#### Exercise requirements
Take every line from the records below that includes the word "True".

------ Input data ------

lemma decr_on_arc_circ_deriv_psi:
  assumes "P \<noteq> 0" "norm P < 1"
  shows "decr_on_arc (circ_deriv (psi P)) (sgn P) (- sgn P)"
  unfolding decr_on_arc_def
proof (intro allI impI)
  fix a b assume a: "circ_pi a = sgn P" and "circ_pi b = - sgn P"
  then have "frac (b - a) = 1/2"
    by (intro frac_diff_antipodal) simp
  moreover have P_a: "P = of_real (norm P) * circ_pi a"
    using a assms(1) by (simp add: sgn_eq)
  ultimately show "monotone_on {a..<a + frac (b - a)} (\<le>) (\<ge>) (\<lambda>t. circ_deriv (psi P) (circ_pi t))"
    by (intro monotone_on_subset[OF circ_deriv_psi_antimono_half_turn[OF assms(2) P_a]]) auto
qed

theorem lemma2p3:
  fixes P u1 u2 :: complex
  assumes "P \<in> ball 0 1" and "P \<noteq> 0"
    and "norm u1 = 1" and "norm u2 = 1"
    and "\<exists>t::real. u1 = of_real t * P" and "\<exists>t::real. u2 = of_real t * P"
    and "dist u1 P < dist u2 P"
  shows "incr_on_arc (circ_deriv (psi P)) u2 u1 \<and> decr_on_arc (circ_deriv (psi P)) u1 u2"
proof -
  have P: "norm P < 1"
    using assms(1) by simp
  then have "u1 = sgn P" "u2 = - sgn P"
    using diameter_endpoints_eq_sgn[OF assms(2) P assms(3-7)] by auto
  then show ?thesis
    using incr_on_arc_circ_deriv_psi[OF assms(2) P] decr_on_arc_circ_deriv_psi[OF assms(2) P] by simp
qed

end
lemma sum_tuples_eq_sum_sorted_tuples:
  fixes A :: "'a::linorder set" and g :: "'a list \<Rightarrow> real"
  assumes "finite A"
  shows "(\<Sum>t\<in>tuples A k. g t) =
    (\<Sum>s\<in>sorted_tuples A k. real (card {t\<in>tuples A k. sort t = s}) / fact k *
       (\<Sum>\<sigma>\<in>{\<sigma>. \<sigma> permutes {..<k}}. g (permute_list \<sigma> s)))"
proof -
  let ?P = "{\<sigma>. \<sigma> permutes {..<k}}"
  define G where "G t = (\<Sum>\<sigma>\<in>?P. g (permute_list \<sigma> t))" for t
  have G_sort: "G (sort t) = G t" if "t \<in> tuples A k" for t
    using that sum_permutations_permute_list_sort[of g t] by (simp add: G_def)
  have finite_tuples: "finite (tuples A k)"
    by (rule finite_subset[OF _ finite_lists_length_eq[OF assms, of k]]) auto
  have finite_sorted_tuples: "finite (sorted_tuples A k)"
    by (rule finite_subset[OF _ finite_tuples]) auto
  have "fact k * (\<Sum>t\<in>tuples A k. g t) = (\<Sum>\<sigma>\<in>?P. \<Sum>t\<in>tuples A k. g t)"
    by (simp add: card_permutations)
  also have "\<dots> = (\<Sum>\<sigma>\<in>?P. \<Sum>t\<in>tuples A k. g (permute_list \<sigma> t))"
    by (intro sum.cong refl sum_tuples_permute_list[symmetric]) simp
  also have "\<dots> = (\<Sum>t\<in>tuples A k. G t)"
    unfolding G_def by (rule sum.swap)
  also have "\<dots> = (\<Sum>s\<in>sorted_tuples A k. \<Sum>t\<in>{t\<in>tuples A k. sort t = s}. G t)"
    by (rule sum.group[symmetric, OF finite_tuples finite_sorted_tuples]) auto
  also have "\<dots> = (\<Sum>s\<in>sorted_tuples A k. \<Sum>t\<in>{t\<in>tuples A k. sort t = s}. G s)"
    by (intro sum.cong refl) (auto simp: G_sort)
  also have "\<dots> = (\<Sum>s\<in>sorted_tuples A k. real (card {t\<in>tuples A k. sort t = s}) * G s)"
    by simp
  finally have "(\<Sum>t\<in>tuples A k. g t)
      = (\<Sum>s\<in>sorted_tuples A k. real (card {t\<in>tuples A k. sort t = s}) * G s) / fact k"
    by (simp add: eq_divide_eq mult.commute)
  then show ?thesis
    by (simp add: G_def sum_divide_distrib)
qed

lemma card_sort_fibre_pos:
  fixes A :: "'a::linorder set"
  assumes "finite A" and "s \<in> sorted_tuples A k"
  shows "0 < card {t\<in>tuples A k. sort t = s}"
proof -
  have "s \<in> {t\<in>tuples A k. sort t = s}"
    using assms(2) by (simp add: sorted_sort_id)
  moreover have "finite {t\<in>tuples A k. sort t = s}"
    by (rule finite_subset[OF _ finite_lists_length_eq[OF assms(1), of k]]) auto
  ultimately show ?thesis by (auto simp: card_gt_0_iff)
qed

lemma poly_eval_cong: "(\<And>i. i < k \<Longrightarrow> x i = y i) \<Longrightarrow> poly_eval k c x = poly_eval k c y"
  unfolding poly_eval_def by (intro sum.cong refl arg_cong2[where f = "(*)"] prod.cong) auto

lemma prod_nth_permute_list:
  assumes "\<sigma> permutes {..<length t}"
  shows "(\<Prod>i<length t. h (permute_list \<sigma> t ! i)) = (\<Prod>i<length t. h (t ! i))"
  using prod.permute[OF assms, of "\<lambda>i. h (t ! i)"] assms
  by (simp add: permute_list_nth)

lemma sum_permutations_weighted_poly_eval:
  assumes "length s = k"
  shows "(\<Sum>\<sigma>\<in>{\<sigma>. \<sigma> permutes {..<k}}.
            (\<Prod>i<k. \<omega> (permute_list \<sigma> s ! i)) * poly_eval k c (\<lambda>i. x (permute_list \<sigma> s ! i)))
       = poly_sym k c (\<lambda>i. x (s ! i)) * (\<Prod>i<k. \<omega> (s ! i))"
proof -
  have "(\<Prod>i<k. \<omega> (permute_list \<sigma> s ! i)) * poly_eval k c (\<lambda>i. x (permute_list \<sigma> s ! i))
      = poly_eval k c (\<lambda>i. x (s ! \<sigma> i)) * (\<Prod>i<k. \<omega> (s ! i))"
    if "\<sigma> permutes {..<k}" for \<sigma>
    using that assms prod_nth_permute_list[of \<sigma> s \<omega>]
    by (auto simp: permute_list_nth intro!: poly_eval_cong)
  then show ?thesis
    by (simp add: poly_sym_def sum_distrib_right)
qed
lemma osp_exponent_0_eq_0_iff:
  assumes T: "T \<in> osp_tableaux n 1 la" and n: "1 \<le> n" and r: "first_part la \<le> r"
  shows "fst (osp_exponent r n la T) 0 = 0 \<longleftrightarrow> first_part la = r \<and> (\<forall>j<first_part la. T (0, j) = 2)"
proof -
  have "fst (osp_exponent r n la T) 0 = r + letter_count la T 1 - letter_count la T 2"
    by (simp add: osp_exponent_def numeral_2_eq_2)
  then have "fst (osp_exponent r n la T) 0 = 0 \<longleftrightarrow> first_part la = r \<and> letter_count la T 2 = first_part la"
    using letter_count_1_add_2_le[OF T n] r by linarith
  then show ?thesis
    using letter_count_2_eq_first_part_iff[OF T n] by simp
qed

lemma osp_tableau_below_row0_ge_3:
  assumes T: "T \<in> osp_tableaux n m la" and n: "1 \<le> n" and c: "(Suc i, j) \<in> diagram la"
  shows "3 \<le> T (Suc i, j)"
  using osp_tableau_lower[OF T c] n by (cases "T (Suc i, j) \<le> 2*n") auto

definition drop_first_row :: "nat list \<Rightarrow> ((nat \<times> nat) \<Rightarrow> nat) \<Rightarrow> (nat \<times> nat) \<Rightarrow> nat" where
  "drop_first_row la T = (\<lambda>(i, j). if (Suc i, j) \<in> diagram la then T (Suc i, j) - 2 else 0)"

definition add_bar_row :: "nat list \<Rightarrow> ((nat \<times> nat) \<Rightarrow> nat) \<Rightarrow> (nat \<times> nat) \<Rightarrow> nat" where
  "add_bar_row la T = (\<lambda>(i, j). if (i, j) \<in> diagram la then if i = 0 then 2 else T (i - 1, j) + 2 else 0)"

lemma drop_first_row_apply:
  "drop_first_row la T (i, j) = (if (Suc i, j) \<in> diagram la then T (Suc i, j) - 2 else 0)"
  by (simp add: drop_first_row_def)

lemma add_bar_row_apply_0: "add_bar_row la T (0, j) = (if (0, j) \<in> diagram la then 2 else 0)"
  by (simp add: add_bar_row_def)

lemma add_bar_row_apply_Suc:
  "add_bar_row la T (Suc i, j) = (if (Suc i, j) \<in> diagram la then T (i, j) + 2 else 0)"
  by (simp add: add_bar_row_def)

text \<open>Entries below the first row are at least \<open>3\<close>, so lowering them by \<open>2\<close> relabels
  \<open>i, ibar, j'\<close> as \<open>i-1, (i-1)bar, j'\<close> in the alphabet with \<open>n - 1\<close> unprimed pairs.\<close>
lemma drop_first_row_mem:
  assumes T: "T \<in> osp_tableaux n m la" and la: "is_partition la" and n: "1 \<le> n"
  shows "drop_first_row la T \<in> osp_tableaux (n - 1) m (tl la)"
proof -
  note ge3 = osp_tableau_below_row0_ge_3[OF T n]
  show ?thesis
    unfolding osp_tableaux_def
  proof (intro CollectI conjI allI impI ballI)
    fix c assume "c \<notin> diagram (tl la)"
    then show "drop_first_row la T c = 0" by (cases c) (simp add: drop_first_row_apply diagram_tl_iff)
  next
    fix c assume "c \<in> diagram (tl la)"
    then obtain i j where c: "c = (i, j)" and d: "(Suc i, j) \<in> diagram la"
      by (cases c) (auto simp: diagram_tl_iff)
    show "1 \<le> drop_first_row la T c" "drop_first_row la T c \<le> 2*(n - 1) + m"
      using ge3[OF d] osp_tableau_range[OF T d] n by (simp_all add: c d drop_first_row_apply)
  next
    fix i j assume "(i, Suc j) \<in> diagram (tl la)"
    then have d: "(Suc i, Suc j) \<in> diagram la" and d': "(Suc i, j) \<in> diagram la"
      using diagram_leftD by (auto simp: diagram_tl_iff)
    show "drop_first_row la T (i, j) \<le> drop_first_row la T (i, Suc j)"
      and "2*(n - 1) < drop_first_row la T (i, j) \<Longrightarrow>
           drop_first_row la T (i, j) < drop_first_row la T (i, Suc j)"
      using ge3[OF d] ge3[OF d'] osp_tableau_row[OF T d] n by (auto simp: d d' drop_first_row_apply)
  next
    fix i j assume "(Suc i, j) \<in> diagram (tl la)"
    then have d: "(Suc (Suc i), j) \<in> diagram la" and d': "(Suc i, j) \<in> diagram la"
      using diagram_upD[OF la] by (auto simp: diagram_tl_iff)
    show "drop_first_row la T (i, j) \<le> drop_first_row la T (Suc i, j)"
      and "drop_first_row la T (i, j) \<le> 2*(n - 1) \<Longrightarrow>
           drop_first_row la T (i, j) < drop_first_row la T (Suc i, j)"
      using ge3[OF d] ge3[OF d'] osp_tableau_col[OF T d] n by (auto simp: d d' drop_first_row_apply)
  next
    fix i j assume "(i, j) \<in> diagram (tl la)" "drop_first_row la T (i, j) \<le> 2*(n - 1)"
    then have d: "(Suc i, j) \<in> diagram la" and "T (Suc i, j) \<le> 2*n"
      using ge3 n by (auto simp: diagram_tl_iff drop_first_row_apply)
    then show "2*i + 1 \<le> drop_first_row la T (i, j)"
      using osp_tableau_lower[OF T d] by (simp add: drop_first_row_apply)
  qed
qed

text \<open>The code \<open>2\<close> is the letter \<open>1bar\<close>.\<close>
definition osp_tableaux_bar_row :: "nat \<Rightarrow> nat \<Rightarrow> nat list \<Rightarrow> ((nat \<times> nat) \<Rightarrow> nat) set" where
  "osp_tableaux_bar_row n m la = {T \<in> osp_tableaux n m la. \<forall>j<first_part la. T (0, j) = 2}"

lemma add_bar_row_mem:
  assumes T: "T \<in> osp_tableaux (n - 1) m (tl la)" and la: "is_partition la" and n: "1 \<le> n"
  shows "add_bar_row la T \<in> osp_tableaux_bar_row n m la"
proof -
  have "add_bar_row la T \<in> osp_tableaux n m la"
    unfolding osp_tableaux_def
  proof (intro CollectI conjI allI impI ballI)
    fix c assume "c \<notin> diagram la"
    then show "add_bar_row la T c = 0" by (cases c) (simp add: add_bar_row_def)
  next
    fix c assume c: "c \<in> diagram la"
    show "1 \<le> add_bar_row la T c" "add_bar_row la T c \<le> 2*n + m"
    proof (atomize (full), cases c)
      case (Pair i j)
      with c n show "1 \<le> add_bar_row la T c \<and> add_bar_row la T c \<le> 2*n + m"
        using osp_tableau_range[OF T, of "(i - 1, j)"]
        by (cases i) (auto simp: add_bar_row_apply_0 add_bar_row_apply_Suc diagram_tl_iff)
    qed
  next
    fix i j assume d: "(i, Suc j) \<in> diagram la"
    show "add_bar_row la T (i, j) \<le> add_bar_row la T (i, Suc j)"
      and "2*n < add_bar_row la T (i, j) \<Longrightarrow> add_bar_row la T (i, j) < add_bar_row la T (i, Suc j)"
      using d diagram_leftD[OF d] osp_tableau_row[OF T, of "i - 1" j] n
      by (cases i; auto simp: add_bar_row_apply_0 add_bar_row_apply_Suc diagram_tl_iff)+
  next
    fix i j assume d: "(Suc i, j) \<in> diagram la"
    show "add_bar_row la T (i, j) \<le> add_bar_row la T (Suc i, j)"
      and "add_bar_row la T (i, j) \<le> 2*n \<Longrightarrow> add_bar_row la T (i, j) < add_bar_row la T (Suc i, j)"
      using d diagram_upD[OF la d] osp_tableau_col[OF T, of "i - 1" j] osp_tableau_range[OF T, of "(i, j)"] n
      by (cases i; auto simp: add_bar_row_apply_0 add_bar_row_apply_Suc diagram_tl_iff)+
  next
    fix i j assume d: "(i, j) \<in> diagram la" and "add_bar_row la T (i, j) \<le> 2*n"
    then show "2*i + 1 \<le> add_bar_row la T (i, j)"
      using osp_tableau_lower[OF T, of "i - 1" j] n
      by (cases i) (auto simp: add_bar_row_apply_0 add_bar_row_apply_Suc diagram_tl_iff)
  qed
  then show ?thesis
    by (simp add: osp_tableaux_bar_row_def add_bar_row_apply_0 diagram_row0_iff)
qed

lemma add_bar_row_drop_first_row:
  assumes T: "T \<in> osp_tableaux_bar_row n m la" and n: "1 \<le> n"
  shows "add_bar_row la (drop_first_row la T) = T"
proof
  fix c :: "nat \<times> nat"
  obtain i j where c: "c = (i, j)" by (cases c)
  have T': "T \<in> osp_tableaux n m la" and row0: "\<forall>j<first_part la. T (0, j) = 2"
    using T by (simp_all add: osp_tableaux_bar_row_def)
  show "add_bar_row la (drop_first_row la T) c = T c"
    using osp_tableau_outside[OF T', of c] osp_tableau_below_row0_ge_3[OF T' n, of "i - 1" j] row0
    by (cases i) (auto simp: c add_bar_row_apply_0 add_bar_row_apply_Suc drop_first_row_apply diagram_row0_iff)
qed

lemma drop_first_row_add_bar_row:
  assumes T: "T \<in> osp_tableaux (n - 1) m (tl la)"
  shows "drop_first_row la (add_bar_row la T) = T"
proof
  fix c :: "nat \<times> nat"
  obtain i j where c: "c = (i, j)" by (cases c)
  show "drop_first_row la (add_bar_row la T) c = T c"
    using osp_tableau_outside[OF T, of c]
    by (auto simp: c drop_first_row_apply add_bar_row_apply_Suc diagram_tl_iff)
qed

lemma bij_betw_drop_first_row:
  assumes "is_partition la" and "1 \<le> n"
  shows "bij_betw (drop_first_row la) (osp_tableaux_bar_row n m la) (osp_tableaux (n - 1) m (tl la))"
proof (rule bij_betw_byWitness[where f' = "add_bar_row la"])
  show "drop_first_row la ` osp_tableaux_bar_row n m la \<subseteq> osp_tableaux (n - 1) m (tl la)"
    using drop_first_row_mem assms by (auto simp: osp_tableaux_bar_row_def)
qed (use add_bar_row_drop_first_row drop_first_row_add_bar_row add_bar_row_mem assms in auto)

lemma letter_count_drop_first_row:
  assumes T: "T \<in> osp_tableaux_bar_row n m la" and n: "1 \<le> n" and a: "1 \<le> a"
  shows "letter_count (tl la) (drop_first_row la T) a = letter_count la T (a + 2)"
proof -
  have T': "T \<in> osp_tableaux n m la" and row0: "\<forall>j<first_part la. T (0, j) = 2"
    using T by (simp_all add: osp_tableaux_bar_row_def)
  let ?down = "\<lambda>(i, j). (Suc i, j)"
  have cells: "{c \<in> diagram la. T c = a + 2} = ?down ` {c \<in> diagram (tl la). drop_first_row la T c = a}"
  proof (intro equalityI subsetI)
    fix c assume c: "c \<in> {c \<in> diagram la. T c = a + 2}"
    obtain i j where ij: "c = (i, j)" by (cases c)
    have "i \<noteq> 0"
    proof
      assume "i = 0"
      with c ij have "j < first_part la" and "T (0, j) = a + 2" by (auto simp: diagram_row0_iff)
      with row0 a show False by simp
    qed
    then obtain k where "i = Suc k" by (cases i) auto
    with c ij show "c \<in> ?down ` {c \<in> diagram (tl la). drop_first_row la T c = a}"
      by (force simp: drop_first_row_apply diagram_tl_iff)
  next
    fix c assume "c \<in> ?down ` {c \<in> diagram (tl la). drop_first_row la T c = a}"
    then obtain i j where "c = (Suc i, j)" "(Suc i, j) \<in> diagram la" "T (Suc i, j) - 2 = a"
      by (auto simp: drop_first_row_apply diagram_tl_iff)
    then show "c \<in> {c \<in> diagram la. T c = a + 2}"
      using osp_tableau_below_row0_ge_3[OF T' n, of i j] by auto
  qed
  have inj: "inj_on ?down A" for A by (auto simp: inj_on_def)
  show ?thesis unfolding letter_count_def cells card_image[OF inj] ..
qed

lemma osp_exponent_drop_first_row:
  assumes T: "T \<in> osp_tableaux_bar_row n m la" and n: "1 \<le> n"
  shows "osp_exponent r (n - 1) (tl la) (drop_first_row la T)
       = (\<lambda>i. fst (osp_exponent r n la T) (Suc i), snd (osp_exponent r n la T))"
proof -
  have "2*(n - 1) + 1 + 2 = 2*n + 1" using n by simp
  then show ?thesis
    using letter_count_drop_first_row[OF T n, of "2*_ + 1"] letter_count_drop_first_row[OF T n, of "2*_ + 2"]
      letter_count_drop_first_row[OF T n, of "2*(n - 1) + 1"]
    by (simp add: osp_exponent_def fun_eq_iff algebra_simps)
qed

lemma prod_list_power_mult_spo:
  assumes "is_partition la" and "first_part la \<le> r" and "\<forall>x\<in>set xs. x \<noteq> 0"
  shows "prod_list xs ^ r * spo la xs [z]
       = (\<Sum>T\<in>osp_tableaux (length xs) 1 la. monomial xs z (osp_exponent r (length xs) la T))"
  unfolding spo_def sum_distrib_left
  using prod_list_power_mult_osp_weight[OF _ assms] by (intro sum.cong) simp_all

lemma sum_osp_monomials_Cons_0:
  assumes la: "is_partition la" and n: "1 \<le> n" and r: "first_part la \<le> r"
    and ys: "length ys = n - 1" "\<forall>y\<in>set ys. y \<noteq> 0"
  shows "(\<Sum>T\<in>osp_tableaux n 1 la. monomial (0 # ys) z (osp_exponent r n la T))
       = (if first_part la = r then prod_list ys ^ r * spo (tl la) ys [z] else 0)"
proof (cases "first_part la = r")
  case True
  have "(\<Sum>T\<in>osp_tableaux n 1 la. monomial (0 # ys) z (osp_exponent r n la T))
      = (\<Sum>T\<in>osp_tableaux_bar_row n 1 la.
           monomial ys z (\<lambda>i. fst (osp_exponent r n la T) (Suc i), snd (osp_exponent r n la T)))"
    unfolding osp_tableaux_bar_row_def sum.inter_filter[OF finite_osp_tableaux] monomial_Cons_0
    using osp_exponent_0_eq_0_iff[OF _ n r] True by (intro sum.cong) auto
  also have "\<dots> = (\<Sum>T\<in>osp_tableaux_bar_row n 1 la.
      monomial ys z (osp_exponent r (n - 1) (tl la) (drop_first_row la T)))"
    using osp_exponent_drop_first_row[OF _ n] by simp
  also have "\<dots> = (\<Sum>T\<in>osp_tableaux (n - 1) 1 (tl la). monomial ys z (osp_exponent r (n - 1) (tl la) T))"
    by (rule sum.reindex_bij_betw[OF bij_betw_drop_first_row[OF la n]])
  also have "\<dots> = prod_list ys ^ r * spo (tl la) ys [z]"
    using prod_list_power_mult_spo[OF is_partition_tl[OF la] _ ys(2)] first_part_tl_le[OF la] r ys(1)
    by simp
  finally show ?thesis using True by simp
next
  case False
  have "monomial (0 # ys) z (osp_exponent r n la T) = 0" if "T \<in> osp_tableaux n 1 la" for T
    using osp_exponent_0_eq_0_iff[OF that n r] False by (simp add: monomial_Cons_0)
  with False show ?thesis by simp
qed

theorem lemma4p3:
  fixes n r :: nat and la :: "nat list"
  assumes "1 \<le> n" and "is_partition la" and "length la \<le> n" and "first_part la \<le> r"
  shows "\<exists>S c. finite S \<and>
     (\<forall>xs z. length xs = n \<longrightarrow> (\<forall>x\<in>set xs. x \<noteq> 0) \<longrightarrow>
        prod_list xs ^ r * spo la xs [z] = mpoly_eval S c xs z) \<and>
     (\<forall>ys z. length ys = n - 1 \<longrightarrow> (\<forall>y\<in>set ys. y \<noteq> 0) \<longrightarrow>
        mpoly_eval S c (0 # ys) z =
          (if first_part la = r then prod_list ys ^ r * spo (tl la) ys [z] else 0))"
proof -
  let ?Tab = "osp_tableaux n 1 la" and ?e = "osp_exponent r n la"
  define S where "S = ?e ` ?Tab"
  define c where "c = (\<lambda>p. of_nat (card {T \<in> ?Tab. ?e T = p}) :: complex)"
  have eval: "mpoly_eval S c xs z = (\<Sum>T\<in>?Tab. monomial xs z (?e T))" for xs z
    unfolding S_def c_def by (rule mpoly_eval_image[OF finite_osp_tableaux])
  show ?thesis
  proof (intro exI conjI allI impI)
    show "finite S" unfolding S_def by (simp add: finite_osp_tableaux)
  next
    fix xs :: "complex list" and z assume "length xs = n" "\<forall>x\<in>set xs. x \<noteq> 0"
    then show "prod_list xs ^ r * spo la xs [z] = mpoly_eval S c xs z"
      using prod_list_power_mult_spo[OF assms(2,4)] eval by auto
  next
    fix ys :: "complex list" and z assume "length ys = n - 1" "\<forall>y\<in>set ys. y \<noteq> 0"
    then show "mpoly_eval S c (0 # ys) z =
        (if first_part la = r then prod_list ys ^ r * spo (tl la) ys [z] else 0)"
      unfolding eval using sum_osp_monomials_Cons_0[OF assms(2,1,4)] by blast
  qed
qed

------

#### Reply
  case True
    using osp_exponent_0_eq_0_iff[OF _ n r] True by (intro sum.cong) auto
  finally show ?thesis using True by simp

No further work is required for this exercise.